GIVEN INFORMATION:
:::

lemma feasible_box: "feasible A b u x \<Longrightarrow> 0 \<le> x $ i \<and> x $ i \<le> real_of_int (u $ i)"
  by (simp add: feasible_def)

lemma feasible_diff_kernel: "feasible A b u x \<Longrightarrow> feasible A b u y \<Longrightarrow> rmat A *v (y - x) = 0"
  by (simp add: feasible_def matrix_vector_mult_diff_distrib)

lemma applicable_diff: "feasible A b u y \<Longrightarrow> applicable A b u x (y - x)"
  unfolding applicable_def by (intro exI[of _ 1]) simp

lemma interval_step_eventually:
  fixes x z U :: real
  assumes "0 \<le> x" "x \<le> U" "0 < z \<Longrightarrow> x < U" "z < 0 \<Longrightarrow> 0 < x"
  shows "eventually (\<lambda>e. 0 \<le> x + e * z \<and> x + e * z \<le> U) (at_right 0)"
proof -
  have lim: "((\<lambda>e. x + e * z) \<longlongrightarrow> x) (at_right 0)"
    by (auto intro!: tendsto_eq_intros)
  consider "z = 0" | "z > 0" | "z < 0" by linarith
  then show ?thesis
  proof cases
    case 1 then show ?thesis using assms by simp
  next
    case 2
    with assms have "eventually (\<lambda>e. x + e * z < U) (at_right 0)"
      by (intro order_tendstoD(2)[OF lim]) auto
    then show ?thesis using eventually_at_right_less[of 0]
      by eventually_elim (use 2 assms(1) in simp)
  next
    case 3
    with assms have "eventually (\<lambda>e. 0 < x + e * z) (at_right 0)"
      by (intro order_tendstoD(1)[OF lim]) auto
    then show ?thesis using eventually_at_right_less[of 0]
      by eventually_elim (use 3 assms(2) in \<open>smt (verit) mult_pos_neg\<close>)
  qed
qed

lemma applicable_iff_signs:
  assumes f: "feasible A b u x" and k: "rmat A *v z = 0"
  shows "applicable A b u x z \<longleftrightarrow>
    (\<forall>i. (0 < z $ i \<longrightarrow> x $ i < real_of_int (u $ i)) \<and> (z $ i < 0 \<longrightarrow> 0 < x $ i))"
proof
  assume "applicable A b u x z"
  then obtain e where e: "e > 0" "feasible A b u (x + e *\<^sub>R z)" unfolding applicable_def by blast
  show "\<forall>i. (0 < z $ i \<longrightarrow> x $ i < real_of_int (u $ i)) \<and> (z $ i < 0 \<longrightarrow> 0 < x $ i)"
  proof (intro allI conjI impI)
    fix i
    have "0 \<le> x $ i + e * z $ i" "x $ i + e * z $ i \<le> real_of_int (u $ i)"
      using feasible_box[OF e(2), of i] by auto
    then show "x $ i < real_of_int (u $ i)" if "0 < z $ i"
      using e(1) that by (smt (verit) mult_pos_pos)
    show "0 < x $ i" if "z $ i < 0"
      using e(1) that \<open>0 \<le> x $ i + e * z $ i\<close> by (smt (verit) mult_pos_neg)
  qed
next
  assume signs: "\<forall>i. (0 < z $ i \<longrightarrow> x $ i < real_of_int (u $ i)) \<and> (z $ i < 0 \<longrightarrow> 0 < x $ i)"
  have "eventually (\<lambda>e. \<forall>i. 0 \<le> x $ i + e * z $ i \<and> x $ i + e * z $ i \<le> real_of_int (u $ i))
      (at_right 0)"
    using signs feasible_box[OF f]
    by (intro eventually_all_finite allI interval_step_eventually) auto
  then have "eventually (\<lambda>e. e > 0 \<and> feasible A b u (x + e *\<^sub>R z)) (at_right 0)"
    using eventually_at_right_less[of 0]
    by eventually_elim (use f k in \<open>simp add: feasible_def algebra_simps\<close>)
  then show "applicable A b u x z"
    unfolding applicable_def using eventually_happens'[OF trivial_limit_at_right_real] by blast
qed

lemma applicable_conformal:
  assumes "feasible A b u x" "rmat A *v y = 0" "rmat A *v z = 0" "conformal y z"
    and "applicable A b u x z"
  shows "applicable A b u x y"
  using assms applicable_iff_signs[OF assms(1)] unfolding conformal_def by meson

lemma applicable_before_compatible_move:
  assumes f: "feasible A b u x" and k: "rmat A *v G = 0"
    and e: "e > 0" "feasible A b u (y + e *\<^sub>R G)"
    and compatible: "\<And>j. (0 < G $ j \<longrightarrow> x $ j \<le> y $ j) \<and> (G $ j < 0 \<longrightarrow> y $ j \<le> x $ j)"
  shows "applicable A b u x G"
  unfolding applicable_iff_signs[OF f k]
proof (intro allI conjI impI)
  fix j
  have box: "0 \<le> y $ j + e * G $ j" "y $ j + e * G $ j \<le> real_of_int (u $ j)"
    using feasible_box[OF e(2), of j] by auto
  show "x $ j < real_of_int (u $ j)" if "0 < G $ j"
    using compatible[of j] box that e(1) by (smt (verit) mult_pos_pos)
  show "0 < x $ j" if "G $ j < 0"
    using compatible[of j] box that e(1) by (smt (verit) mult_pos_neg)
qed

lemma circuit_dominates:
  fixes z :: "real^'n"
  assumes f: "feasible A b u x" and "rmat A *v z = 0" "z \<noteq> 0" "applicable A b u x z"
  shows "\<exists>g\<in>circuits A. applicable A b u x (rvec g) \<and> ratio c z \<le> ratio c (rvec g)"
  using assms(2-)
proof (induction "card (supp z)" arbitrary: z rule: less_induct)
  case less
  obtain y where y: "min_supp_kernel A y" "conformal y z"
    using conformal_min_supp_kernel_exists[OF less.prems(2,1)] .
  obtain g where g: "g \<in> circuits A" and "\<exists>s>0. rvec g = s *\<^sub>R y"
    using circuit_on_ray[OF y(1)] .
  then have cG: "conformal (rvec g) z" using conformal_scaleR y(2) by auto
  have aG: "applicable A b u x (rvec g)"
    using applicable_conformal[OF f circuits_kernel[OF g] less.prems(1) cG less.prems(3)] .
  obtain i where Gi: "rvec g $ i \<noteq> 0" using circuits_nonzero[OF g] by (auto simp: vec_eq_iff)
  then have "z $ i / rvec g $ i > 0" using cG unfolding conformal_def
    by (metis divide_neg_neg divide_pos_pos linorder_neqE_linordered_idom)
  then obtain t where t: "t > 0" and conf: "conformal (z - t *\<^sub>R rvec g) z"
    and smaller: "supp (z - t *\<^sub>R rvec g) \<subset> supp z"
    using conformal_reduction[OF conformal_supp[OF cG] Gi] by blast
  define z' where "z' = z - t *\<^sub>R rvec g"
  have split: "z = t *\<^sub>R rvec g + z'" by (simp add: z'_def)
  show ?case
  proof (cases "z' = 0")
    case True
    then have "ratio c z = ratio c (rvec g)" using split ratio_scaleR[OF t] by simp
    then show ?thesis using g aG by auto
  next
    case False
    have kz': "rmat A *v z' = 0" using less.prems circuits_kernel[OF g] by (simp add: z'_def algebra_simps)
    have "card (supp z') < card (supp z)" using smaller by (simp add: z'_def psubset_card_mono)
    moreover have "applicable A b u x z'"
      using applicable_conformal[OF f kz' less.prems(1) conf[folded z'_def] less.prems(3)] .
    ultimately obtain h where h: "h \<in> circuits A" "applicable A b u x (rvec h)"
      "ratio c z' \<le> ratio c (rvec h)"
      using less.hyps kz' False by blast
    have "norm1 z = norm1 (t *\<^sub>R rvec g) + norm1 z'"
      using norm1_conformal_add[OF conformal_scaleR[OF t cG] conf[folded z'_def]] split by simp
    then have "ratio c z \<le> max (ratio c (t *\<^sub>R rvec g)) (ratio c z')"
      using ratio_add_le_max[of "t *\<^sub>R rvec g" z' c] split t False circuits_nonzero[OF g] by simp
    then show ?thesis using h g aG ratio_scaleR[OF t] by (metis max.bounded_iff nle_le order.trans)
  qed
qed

:::

PROBLEM TO SOLVE: Each line above that has the word "verit" must be copied.

ANSWER SPACE:
      by eventually_elim (use 3 assms(2) in \<open>smt (verit) mult_pos_neg\<close>)
      using e(1) that by (smt (verit) mult_pos_pos)
      using e(1) that \<open>0 \<le> x $ i + e * z $ i\<close> by (smt (verit) mult_pos_neg)
    using compatible[of j] box that e(1) by (smt (verit) mult_pos_pos)
    using compatible[of j] box that e(1) by (smt (verit) mult_pos_neg)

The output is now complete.